Copy word for word, please, the lines of the entries below running from the one containing "sS mR mS f \<longleftrightarrow>" to the one containing "m x (\<phi>", both ends included.

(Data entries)
⁂

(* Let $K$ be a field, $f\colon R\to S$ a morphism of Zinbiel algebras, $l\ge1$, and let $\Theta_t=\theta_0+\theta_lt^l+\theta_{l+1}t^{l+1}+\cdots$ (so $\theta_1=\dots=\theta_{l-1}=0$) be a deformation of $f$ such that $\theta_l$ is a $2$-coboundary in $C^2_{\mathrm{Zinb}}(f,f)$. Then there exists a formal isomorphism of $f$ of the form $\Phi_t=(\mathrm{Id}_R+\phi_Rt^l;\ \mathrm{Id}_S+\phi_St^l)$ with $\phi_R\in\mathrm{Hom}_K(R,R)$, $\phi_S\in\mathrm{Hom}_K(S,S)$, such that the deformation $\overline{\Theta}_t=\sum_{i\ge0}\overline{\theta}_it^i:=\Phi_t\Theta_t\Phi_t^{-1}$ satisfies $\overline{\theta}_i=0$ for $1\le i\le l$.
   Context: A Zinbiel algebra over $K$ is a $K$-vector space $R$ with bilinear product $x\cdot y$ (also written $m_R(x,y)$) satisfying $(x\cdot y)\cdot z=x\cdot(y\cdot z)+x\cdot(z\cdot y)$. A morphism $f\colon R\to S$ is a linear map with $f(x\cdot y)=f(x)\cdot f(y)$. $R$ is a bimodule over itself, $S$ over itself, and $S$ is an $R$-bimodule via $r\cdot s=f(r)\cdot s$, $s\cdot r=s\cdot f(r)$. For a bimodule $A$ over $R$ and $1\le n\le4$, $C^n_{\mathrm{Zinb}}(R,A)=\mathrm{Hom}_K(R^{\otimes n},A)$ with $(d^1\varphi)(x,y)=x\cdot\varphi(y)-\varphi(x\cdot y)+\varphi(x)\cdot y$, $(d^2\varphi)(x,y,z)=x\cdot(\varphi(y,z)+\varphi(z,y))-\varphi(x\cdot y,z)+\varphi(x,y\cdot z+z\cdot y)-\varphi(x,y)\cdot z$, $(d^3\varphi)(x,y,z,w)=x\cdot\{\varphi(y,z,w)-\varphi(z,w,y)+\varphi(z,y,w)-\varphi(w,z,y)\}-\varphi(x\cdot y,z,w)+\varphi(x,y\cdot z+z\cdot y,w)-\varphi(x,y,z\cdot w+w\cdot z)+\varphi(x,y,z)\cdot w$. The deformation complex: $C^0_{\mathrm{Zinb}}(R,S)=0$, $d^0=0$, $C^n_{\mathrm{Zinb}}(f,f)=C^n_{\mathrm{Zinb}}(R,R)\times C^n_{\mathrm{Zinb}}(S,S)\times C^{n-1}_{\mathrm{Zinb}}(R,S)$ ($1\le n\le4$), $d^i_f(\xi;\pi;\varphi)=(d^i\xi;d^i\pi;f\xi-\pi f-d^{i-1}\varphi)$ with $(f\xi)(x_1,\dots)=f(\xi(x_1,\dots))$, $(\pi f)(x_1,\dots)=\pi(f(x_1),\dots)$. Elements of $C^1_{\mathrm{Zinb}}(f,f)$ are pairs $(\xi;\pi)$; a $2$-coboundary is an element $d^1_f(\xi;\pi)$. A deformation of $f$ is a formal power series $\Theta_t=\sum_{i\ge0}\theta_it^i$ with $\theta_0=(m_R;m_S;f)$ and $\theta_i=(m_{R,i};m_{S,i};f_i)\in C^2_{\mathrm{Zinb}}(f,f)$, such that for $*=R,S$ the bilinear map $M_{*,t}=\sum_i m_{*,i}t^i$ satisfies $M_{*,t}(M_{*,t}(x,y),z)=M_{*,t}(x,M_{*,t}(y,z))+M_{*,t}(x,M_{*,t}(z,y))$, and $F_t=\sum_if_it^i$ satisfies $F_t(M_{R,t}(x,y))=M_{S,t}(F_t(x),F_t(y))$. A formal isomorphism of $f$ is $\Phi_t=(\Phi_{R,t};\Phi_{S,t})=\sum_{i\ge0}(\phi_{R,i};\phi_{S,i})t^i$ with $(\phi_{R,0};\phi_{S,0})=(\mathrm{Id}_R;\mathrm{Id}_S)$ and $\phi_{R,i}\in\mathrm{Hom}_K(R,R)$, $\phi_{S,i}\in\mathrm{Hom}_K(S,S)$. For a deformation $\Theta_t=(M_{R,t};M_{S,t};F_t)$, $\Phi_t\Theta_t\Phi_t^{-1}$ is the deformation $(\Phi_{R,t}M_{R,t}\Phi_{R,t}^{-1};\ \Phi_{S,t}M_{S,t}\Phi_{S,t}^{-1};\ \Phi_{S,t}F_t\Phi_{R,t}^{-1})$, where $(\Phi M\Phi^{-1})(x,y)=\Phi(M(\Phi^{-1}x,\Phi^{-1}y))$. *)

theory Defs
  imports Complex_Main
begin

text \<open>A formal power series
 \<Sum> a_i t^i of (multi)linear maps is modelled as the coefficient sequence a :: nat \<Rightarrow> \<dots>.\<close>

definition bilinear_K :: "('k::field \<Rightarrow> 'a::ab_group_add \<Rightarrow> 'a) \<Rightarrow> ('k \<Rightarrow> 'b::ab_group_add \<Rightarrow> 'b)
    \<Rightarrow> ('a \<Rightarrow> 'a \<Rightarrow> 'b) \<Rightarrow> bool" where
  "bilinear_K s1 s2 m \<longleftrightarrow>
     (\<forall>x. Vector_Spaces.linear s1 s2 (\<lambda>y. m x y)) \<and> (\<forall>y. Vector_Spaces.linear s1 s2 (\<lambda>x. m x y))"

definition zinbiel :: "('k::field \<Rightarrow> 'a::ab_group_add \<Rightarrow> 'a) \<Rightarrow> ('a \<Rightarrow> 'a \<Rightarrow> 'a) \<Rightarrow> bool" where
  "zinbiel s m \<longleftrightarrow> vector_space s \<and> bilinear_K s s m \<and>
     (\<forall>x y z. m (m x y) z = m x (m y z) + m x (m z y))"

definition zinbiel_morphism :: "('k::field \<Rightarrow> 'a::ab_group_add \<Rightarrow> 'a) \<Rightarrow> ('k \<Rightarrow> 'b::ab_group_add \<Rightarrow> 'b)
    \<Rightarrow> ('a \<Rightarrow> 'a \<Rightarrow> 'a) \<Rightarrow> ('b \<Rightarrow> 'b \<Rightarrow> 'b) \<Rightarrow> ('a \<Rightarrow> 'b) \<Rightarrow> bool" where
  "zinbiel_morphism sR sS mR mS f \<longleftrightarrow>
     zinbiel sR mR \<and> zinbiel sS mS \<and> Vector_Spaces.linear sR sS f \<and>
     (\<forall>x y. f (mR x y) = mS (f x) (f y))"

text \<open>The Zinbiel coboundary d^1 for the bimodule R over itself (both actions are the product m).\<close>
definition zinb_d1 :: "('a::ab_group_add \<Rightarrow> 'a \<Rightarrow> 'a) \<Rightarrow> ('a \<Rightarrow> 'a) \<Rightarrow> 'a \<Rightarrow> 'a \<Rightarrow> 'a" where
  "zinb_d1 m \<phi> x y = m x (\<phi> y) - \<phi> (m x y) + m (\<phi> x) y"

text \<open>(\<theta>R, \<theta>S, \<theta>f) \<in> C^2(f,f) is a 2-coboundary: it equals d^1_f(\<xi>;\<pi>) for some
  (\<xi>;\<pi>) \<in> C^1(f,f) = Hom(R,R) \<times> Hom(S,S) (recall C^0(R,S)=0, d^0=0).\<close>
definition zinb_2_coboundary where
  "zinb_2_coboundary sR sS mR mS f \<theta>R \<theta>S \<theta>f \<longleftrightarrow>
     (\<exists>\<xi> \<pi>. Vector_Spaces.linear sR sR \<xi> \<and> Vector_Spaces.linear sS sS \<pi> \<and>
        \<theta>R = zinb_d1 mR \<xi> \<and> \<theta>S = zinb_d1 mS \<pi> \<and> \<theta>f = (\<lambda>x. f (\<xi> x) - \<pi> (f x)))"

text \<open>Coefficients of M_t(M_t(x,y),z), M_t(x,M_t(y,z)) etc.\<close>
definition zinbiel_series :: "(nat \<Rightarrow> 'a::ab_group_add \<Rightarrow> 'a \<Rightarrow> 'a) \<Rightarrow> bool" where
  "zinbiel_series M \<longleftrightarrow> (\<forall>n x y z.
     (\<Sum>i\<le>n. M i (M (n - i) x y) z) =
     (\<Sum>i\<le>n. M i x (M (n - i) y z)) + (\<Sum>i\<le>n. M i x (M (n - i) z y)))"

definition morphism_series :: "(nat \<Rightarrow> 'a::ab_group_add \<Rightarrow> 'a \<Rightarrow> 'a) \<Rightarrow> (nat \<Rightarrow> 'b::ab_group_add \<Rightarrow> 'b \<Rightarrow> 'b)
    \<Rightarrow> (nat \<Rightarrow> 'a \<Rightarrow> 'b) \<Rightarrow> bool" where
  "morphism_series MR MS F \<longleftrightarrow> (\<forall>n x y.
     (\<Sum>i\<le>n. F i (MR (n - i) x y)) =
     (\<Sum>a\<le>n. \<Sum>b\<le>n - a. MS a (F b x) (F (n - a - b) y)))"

⁂

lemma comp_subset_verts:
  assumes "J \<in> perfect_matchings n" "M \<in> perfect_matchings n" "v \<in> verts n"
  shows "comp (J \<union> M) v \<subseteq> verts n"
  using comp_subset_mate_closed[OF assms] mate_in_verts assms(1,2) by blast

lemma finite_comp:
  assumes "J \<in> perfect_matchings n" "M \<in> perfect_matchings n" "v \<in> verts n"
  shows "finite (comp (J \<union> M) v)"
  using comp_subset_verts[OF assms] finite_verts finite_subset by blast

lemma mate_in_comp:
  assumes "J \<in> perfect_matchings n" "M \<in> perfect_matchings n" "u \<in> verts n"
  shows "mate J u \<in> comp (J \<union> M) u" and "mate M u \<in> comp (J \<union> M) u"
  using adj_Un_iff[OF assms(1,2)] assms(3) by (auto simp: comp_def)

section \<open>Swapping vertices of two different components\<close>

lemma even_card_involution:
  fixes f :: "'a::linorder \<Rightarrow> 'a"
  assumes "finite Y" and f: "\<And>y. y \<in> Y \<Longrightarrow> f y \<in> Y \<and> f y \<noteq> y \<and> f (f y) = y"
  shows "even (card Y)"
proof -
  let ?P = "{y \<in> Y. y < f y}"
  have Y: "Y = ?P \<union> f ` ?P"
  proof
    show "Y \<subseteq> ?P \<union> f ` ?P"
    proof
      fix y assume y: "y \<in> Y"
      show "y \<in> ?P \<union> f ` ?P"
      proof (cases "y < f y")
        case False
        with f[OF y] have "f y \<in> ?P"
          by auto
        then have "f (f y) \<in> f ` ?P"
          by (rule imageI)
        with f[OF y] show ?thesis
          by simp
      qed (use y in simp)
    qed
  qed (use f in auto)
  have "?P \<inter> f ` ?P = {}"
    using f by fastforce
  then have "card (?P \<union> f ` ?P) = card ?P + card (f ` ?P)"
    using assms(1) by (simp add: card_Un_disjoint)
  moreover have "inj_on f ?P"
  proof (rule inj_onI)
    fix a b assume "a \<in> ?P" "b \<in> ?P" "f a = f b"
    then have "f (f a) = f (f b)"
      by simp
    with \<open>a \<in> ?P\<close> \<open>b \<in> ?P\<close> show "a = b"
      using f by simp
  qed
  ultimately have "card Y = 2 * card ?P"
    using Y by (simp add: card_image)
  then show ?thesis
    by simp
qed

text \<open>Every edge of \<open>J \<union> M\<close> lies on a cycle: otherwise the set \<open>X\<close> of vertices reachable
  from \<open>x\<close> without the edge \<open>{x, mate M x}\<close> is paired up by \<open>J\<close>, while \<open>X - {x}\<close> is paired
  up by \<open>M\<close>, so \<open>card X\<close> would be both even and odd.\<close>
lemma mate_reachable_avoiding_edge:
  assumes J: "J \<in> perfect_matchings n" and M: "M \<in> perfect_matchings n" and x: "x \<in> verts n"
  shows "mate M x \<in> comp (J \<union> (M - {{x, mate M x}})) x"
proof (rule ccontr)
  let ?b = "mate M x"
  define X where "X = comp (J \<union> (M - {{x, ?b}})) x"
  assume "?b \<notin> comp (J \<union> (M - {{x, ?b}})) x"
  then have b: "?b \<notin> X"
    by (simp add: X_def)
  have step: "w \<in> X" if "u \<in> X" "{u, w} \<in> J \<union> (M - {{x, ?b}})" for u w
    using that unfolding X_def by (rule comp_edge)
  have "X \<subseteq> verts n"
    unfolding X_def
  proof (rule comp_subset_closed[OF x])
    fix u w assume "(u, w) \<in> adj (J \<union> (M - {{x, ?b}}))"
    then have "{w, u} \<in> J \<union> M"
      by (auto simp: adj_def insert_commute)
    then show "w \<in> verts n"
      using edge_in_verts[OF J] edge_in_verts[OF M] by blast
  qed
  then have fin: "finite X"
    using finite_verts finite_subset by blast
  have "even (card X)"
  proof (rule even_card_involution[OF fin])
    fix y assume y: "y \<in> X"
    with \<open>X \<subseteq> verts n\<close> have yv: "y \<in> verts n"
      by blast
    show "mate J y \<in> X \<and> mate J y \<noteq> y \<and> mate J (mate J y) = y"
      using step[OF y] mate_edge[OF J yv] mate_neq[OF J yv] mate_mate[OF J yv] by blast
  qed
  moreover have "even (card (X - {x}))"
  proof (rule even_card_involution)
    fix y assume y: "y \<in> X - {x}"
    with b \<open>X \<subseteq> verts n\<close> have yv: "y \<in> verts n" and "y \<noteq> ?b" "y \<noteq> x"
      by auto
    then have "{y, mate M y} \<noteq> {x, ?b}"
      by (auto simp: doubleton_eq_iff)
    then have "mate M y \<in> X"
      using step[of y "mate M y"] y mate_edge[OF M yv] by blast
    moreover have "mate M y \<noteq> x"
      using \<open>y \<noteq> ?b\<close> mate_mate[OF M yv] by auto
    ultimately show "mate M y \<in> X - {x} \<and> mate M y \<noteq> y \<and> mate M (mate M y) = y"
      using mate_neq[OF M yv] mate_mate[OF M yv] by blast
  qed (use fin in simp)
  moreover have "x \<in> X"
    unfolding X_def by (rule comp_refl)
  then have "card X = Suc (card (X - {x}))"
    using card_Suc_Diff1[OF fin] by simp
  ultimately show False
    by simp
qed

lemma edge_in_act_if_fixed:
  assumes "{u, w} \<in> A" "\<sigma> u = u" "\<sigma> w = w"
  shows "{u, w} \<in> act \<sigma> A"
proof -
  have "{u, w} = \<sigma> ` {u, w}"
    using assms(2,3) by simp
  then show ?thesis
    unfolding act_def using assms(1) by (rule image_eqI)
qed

⁂

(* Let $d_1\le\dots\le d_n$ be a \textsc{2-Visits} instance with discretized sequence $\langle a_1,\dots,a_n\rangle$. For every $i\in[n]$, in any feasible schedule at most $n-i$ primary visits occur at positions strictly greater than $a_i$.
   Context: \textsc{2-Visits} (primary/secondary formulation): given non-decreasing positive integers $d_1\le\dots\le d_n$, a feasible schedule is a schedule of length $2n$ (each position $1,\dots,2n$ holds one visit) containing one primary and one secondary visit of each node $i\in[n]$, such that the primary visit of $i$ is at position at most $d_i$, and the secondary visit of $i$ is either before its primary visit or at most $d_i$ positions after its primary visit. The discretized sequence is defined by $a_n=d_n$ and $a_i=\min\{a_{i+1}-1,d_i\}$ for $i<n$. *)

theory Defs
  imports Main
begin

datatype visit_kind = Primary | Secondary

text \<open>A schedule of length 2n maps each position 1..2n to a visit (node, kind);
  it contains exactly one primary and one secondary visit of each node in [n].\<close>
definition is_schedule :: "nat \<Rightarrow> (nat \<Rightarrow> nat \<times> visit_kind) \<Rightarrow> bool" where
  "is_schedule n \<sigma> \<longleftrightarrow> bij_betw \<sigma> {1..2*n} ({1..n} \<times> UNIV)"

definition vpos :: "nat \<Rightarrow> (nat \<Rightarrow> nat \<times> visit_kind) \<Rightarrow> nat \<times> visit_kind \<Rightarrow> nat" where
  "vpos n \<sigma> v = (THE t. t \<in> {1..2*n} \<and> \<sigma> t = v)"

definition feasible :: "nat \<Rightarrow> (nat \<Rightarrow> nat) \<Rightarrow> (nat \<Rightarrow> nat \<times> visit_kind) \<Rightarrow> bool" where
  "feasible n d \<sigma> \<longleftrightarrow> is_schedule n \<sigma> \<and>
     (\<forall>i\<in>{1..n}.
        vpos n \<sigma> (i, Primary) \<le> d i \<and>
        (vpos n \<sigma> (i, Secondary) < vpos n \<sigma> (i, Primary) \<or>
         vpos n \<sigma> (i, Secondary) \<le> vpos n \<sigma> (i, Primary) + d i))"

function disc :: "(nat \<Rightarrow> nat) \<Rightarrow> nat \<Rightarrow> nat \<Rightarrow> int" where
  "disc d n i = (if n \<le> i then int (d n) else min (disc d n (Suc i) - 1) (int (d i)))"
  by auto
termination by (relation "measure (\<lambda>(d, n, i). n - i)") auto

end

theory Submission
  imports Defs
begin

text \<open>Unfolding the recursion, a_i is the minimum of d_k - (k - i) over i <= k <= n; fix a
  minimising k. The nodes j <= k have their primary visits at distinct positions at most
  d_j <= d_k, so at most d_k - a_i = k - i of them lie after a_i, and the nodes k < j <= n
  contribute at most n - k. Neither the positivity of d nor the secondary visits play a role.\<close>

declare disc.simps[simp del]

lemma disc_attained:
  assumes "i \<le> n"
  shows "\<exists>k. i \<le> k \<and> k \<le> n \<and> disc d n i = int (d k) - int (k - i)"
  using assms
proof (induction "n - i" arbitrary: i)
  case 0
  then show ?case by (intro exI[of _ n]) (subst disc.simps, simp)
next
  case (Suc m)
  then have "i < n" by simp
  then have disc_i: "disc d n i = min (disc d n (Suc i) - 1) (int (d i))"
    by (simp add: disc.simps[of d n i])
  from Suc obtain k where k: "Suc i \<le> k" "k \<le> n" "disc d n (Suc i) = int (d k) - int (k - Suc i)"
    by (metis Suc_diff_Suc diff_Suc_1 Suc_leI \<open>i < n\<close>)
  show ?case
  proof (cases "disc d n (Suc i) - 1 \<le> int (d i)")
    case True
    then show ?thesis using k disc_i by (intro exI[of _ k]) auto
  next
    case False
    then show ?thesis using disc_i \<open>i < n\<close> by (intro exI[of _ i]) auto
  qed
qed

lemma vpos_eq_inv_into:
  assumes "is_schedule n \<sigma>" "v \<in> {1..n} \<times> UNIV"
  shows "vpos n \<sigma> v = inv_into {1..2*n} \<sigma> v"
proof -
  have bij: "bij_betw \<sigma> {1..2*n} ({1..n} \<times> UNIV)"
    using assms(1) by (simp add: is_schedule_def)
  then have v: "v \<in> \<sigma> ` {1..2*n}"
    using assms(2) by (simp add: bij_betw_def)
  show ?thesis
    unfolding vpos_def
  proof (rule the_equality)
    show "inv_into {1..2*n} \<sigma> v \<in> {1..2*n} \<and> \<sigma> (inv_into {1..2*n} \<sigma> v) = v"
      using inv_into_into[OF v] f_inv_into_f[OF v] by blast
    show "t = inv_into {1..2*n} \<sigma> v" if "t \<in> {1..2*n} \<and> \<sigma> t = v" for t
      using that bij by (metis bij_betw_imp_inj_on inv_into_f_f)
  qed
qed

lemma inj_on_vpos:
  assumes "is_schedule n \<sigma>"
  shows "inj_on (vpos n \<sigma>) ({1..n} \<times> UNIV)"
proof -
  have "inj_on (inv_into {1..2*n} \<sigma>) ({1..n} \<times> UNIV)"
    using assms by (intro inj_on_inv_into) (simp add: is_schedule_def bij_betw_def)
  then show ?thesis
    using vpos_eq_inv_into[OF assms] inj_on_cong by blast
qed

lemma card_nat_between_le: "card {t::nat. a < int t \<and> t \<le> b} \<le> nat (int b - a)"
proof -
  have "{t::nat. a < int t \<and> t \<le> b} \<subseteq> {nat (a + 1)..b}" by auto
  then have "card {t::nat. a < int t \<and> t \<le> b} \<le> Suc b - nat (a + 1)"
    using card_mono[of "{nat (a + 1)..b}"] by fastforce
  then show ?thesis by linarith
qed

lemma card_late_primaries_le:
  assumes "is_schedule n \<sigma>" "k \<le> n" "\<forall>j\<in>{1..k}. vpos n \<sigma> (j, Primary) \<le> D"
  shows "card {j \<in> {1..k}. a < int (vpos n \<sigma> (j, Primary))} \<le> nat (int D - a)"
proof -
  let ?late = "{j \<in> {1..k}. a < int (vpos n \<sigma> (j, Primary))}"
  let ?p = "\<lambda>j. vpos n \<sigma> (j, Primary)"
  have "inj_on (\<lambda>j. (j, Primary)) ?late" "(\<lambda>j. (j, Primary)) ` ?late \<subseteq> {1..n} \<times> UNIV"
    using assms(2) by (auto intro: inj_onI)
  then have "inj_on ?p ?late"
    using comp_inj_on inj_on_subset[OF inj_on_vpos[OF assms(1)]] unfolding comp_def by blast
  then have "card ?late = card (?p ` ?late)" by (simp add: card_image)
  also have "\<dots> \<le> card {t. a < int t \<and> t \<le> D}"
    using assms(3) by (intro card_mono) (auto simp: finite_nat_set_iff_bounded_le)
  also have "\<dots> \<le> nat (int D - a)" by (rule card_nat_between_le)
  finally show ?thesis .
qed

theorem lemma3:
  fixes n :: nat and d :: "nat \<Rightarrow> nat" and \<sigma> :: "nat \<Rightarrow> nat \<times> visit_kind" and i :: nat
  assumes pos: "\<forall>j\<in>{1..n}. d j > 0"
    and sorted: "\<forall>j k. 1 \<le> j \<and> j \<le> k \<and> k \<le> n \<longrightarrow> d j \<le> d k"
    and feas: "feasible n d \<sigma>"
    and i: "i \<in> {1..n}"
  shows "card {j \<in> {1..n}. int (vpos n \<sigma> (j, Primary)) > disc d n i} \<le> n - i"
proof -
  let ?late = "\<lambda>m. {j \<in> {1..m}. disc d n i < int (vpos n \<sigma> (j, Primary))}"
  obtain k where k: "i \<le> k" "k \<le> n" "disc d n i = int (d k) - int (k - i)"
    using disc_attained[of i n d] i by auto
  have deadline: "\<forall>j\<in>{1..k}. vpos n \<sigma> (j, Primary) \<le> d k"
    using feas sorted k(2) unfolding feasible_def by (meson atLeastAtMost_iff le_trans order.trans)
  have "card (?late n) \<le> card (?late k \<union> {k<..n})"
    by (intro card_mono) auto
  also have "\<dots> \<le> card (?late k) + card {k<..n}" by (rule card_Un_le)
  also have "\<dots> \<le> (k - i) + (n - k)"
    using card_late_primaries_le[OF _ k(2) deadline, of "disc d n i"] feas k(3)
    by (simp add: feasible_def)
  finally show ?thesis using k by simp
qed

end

⁂

= Answer section =
  "zinbiel_morphism sR sS mR mS f \<longleftrightarrow>
     zinbiel sR mR \<and> zinbiel sS mS \<and> Vector_Spaces.linear sR sS f \<and>
     (\<forall>x y. f (mR x y) = mS (f x) (f y))"

text \<open>The Zinbiel coboundary d^1 for the bimodule R over itself (both actions are the product m).\<close>
definition zinb_d1 :: "('a::ab_group_add \<Rightarrow> 'a \<Rightarrow> 'a) \<Rightarrow> ('a \<Rightarrow> 'a) \<Rightarrow> 'a \<Rightarrow> 'a \<Rightarrow> 'a" where
  "zinb_d1 m \<phi> x y = m x (\<phi> y) - \<phi> (m x y) + m (\<phi> x) y"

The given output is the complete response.